▶ **What this task involves**:
Below are some records. How many of their lines contain the string "partial"? Answer with the number alone.

Saved data entries

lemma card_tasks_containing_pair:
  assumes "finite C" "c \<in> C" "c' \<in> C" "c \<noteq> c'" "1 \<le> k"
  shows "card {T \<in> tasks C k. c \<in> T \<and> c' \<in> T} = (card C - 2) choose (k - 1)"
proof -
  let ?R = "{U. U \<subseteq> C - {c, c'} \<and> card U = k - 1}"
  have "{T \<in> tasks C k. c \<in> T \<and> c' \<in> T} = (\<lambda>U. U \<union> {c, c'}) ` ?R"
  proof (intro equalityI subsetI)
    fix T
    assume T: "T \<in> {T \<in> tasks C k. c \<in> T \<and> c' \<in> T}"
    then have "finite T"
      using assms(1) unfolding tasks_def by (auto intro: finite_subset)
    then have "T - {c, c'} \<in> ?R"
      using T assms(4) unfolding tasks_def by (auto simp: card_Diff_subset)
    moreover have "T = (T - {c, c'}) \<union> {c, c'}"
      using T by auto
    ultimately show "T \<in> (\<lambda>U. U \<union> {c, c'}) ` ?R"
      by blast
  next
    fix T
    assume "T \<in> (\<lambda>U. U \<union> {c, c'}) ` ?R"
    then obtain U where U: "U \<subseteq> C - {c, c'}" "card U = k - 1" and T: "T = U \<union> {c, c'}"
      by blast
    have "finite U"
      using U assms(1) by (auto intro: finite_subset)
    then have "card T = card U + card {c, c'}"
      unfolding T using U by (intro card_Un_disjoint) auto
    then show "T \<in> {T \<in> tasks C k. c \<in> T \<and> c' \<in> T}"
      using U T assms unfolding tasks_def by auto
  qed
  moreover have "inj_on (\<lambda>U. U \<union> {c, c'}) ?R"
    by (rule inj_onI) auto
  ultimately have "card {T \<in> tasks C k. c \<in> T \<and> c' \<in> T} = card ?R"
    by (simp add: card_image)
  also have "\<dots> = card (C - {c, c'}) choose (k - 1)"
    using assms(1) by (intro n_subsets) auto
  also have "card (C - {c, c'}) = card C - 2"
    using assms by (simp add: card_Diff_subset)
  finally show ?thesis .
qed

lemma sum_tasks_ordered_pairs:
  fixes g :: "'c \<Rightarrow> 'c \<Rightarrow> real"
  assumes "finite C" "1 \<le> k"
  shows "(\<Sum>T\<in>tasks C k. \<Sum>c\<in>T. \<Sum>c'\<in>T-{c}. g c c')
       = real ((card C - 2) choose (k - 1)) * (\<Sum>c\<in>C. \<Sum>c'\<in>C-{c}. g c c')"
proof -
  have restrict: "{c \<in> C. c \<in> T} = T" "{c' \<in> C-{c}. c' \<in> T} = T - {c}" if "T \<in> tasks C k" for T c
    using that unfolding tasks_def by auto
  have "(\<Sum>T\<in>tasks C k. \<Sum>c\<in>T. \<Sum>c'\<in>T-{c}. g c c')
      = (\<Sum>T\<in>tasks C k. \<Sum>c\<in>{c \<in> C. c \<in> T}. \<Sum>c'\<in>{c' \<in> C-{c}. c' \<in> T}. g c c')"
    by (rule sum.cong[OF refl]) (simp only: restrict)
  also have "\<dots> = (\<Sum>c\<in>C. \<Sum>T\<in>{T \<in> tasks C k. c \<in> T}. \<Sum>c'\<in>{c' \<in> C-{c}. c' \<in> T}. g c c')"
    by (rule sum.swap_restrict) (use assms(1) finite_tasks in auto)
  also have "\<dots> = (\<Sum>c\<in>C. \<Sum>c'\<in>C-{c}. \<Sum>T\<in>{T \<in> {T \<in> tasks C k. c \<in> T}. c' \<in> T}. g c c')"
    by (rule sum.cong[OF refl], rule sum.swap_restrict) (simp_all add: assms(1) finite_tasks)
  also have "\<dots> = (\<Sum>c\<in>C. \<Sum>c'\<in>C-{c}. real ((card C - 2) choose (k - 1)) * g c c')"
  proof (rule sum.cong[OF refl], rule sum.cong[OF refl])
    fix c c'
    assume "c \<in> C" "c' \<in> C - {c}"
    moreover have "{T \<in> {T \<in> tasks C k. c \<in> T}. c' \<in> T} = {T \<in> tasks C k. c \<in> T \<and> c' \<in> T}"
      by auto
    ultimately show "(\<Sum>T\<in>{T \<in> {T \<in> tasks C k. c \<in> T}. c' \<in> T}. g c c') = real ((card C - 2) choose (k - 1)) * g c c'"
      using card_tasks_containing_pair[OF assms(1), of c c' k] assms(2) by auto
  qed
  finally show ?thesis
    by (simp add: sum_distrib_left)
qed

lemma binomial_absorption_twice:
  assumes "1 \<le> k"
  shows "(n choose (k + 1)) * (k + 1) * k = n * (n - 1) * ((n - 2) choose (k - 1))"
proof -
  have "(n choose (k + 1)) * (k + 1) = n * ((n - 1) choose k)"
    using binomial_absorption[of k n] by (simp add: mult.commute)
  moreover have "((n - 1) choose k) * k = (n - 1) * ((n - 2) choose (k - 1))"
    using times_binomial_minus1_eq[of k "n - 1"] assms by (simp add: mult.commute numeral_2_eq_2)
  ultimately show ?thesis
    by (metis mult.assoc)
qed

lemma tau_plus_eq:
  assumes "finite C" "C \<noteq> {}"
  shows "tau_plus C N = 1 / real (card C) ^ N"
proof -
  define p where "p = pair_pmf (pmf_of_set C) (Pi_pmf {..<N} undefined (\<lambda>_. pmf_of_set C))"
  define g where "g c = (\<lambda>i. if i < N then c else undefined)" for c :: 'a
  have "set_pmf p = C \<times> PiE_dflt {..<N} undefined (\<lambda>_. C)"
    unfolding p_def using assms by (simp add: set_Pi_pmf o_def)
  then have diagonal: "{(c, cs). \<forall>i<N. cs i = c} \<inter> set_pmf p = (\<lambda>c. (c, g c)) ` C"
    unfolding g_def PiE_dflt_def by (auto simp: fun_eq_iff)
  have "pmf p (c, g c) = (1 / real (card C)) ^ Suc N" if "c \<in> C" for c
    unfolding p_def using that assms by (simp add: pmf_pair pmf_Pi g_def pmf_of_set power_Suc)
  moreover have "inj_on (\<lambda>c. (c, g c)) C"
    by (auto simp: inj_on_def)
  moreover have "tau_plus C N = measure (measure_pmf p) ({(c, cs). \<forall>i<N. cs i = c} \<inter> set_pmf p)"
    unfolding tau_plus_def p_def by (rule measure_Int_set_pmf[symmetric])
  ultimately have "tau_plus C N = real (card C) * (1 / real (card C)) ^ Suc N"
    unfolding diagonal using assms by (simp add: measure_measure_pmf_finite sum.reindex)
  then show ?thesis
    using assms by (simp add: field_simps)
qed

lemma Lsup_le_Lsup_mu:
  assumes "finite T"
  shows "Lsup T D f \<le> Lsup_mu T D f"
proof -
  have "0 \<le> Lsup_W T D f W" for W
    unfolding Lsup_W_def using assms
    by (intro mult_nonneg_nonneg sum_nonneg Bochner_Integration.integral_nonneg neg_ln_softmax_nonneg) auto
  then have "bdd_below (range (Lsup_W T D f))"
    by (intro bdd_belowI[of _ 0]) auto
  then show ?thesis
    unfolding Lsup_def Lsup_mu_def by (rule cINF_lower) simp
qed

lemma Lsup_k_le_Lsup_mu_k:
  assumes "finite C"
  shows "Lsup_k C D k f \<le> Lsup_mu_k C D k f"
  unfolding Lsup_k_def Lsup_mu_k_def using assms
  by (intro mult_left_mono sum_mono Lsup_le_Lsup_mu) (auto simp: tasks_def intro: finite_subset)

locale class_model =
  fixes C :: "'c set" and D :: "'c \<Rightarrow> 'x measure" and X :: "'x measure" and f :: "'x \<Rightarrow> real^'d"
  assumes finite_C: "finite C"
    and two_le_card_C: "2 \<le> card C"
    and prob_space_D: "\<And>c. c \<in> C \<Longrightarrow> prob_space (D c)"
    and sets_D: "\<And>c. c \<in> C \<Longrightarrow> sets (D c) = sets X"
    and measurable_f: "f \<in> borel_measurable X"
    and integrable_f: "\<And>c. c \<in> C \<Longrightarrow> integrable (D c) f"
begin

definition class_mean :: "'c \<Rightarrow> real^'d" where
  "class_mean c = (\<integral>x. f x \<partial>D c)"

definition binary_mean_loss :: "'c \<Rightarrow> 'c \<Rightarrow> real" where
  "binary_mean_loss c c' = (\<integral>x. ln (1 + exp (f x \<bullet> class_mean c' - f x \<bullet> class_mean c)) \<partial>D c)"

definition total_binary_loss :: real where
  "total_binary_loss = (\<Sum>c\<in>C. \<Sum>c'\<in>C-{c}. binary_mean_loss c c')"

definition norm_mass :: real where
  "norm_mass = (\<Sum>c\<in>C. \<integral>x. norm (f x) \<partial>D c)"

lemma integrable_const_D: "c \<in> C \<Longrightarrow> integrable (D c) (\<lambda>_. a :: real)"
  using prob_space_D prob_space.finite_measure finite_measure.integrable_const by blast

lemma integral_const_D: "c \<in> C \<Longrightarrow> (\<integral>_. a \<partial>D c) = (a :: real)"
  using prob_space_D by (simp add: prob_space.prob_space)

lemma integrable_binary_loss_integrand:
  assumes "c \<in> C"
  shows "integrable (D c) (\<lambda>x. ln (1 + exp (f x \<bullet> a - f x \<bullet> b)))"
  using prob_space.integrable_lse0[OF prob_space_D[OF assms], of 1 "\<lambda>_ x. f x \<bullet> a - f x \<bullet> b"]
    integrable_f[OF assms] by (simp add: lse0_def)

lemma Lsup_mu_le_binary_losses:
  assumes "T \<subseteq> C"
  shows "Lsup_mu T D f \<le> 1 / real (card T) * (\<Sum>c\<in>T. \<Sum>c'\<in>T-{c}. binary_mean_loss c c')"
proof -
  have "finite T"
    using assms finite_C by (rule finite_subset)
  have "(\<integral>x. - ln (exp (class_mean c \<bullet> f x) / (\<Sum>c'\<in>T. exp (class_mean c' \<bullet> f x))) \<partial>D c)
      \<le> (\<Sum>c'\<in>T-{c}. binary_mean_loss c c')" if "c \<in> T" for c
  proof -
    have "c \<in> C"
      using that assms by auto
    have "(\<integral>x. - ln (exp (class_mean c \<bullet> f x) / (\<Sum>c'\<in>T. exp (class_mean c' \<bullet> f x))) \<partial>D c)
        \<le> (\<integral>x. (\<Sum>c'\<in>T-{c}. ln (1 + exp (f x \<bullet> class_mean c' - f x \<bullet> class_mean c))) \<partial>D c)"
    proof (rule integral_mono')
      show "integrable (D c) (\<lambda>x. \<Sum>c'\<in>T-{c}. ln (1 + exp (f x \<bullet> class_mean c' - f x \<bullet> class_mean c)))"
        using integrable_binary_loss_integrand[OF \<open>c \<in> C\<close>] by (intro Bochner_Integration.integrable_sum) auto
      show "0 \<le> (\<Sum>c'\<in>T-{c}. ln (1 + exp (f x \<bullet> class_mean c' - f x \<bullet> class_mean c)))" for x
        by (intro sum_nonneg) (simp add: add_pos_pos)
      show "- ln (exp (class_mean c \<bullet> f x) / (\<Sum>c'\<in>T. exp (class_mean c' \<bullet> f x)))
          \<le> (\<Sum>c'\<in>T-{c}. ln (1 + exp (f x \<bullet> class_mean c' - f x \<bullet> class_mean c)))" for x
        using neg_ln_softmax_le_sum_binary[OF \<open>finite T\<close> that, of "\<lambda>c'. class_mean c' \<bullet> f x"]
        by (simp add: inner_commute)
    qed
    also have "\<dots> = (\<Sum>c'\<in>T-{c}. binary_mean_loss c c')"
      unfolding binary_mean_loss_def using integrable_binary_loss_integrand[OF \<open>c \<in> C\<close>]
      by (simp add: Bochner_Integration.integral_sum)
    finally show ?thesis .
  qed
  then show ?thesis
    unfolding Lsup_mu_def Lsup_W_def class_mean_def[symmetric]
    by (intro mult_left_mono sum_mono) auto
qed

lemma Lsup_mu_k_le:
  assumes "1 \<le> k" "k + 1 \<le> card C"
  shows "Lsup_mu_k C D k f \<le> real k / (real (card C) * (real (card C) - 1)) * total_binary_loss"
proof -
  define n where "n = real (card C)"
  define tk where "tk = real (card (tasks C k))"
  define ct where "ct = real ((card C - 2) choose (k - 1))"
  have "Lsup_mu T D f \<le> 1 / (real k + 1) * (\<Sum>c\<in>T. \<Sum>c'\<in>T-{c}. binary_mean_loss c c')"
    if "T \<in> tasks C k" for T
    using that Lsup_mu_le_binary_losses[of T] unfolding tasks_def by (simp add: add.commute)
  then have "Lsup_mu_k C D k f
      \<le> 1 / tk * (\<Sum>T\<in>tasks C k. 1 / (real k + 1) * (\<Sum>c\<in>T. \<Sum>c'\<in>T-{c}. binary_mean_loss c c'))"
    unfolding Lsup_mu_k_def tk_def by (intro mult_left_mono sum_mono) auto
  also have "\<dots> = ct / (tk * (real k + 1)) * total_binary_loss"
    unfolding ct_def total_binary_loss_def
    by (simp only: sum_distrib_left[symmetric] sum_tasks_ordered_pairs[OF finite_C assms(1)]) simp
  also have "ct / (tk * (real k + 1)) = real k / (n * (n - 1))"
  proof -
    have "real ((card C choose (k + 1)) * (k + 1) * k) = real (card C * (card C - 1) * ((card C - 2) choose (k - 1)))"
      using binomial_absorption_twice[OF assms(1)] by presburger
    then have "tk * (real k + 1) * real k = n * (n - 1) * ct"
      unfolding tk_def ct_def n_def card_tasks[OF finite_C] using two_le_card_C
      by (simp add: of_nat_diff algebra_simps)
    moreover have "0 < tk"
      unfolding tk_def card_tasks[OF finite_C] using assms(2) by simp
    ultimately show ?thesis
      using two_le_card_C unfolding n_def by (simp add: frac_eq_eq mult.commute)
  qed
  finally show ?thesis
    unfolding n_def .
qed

▶ **Written solution**:
7